On Fri, 18 Nov 2011 23:39:20 -0600
Peter Samuelson <firstname.lastname@example.org> wrote:
The most common reasons for cross-architecture differences appear to
be (in random order):
- Compiling GNU message catalogs with gettext, which uses native
endianness (see bug #468209).
(Hmm, I did get v.carried away earlier in this bug report didn't I?
Sorry, Santiago. I genuinely thought this was a lot more important at
the time. All that cross-building was driving me scatty.)
Having read that bug log, it's not clear to me whether there's a
consensus about what to do about these. Neil thinks we need native
endian .mo (which is problematic for multiarch)
Native isn't quite the right meaning - same endianness as the
DEB_HOST_ARCH platform is what I intended to implement in Emdebian
based on the --endianness option to msgfmt. (Native could mean
DEB_BUILD_ARCH which is worse for cross-building than just picking one
endianness and sticking with it.)
, others think we need
.mo to be Arch: all and "dont-care"-endian. Has any consensus emerged?
After more work on exactly what's going on with endianness and .mo
files, Emdebian switched to making our TDebs Arch:all and letting
gettext deal with the endianness before the Squeeze release, by which
time the cross-built version of Emdebian was already inoperable. I
should have followed that up to the bug log - it was closed and
archived at that point but I forgot to check it. Sorry.

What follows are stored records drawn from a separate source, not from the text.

lemma prod_primes_dvd:
  fixes x :: nat and A :: "nat set"
  assumes "x \<noteq> 0" and "\<And>p. p \<in> A \<Longrightarrow> prime p \<and> p dvd x"
  shows "\<Prod>A dvd x"
proof -
  have A: "A \<subseteq> prime_factors x" using assms by (auto simp: in_prime_factors_iff)
  have "\<Prod>A = (\<Prod>p\<in>A. p ^ 1)" by simp
  also have "\<dots> dvd (\<Prod>p\<in>A. p ^ multiplicity p x)"
    using assms
    by (intro prod_dvd_prod le_imp_power_dvd) (simp add: Suc_le_eq prime_multiplicity_gt_zero_iff)
  also have "\<dots> dvd (\<Prod>p\<in>prime_factors x. p ^ multiplicity p x)"
    using A by (intro prod_dvd_prod_subset) simp_all
  also have "\<dots> = x" using assms(1) by (simp add: prod_prime_factors)
  finally show ?thesis .
qed

lemma prod_primes_between_dvd_binomial:
  fixes k :: nat
  shows "\<Prod>{p. prime p \<and> k + 1 < p \<and> p \<le> 2 * k + 1} dvd (2 * k + 1 choose k)"
proof (rule prod_primes_dvd)
  fix p assume "p \<in> {p. prime p \<and> k + 1 < p \<and> p \<le> 2 * k + 1}"
  then have p: "prime p" "k + 1 < p" "p \<le> 2 * k + 1" by auto
  have "fact k * fact (k + 1) * (2 * k + 1 choose k) = (fact (2 * k + 1) :: nat)"
    using binomial_fact_lemma[of k "2 * k + 1"] by (simp add: Suc_diff_le)
  moreover have "p dvd (fact (2 * k + 1) :: nat)" using p by (simp add: prime_dvd_fact_iff del: fact_Suc)
  moreover have "\<not> p dvd (fact k * fact (k + 1) :: nat)"
    using p by (simp add: prime_dvd_mult_iff prime_dvd_fact_iff del: fact_Suc)
  ultimately show "prime p \<and> p dvd (2 * k + 1 choose k)"
    using p(1) by (metis prime_dvd_mult_iff)
qed simp

lemma binomial_odd_le_four_pow: "(2 * k + 1 choose k) \<le> (4::nat) ^ k"
proof -
  have "(2 * k + 1 choose k) \<le> (\<Sum>i\<le>k. 2 * k + 1 choose i)"
    by (rule member_le_sum) auto
  also have "\<dots> = 2 ^ (2 * k)" by (rule binomial_r_part_sum)
  also have "\<dots> = 4 ^ k" by (simp add: power_mult)
  finally show ?thesis .
qed

lemma primorial_odd:
  "primorial (2 * k + 1) = primorial (k + 1) * \<Prod>{p. prime p \<and> k + 1 < p \<and> p \<le> 2 * k + 1}"
proof -
  have "{p. prime p \<and> p \<le> 2 * k + 1} =
      {p. prime p \<and> p \<le> k + 1} \<union> {p. prime p \<and> k + 1 < p \<and> p \<le> 2 * k + 1}" by auto
  then show ?thesis unfolding primorial_def by (simp add: prod.union_disjoint disjoint_iff)
qed

lemma primorial_eq_primorial_pred:
  assumes "\<not> prime m"
  shows "primorial m = primorial (m - 1)"
proof -
  have "prime p \<and> p \<le> m \<longleftrightarrow> prime p \<and> p \<le> m - 1" for p
    using assms by (cases "p = m") auto
  then show ?thesis unfolding primorial_def by simp
qed

lemma primorial_le_four_pow: "primorial m \<le> 4 ^ m"
proof (induction m rule: less_induct)
  case (less m)
  consider "m < 2" | "m = 2" | "2 < m" "even m" | k where "1 \<le> k" "m = 2 * k + 1"
  proof (cases "2 < m")
    case True
    show ?thesis
    proof (cases "even m")
      case False
      then obtain k where "m = 2 * k + 1" by (rule oddE)
      with True show ?thesis using that(4)[of k] by simp
    qed (use True that(3) in simp)
  qed (use that(1,2) in linarith)
  then show ?case
  proof cases
    case 1
    then have no_primes: "{p. prime p \<and> p \<le> m} = {}" by (auto dest: prime_ge_2_nat)
    show ?thesis unfolding primorial_def no_primes by simp
  next
    case 2
    then have only_2: "{p. prime p \<and> p \<le> m} = {2}" by (auto dest: prime_ge_2_nat)
    show ?thesis unfolding primorial_def only_2 using 2 by simp
  next
    case 3
    then have "primorial m = primorial (m - 1)"
      using prime_odd_nat by (intro primorial_eq_primorial_pred) auto
    also have "\<dots> \<le> 4 ^ (m - 1)" using 3 by (intro less.IH) simp
    also have "\<dots> \<le> 4 ^ m" by simp
    finally show ?thesis .
  next
    case 4
    have "primorial m = primorial (k + 1) * \<Prod>{p. prime p \<and> k + 1 < p \<and> p \<le> 2 * k + 1}"
      unfolding 4 by (rule primorial_odd)
    also have "\<dots> \<le> 4 ^ (k + 1) * (2 * k + 1 choose k)"
    proof (rule mult_le_mono)
      show "primorial (k + 1) \<le> 4 ^ (k + 1)" using 4 by (intro less.IH) simp
      show "\<Prod>{p. prime p \<and> k + 1 < p \<and> p \<le> 2 * k + 1} \<le> 2 * k + 1 choose k"
        by (rule dvd_imp_le[OF prod_primes_between_dvd_binomial]) simp
    qed
    also have "\<dots> \<le> 4 ^ (k + 1) * 4 ^ k" by (rule mult_le_mono2) (rule binomial_odd_le_four_pow)
    also have "\<dots> = 4 ^ m" by (simp add: 4 power_add[symmetric])
    finally show ?thesis .
  qed
qed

As long as the behaviour is always *consistent* across native builds and
cross-builds, I would be happy with having all .mo files with the same
endianness. By preference, little endian.
Like Santiago (468209#66), I maintain a library which has translations.

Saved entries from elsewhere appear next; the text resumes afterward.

(* Let $p=\tfrac12$, $\mu=\mu_{1/2}$, and $K_\infty=\sum_{n=0}^\infty2^{-n}E_n$ on $L^2(\mu)$ (norm convergent). For $1\le r<\infty$, $K_\infty$ belongs to the Schatten class $S_r$ if and only if $r>1$. In particular $K_\infty$ is Hilbert–Schmidt but not trace class.
   Context: Let $S_0(x)=x/3$, $S_2(x)=(x+2)/3$ on $[0,1]$ and let $C$ be the middle-third Cantor set. $\mu=\mu_{1/2}$ is the unique Borel probability measure on $[0,1]$ with $\mu=\frac12\mu\circ S_0^{-1}+\frac12\mu\circ S_2^{-1}$. For words $w\in\{0,2\}^n$, $S_w=S_{w_1}\circ\cdots\circ S_{w_n}$, $C_w=S_w(C)$. $E_n$ is the conditional expectation on $L^2(\mu)$ onto the $\sigma$-algebra generated by $\{C_w:|w|=n\}$. $S_r$ is the class of compact operators whose singular values are $r$-summable. *)

theory Defs
  imports "HOL-Probability.Probability"
begin

definition S :: "nat \<Rightarrow> real \<Rightarrow> real" where
  "S a x = (x + real a) / 3"

definition S0 :: "real \<Rightarrow> real" where "S0 = S 0"
definition S2 :: "real \<Rightarrow> real" where "S2 = S 2"

definition words :: "nat \<Rightarrow> nat list set" where
  "words n = {w. length w = n \<and> set w \<subseteq> {0, 2}}"

definition Sw :: "nat list \<Rightarrow> real \<Rightarrow> real" where
  "Sw w = foldr (\<lambda>a f. S a \<circ> f) w id"

definition cantor :: "real set" where
  "cantor = (\<Inter>n. \<Union>w\<in>words n. Sw w ` {0..1})"

definition Cw :: "nat list \<Rightarrow> real set" where
  "Cw w = Sw w ` cantor"

text \<open>M is a Borel probability measure on [0,1] with M = 1/2 M o S0^-1 + 1/2 M o S2^-1
  (such a measure is unique; this is mu_{1/2}).\<close>
definition is_cantor_measure :: "real measure \<Rightarrow> bool" where
  "is_cantor_measure M \<longleftrightarrow>
     prob_space M \<and> sets M = sets (restrict_space borel {0..1}) \<and>
     (\<forall>A\<in>sets M. emeasure M A =
        ennreal (1/2) * emeasure M (S0 -` A \<inter> space M)
      + ennreal (1/2) * emeasure M (S2 -` A \<inter> space M))"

For that package I have put the .mo files into a -data package
(qof-data) precisely because that allows the Architecture:any libqof2
to depend on the Arch:all qof-data, thereby solving the MultiArch
This is also compatible with the TDeb proposal for Arch:all TDebs which
contain .mo files (as well as the more difficult problem of the
translated debconf templates file) because packages like qof-data can
easily be processed as TDebs once those mechanisms are available.
And is it worth splitting out a -l10n or -data package from a library
just so the library itself can be M-A: same? (I suppose a side benefit
is you can use Recommends and cut down a little on the size of your
strict Dependency closure.)
Yes, it is worth having -l10n, -tdeb, -data packages, precisely to get
the library M-A: same. MultiArch wasn't a consideration when #468209
was opened or when the TDeb proposal was created in 2008.
There are other reasons to split out the .mo files:
1. Updates to translations should not require source NMU's.
2. Translation data should not be distributed in architecture-dependent
3. Translators should have a common interface for getting updates into
Debian (possibly with automated TDeb generation after i18n team review).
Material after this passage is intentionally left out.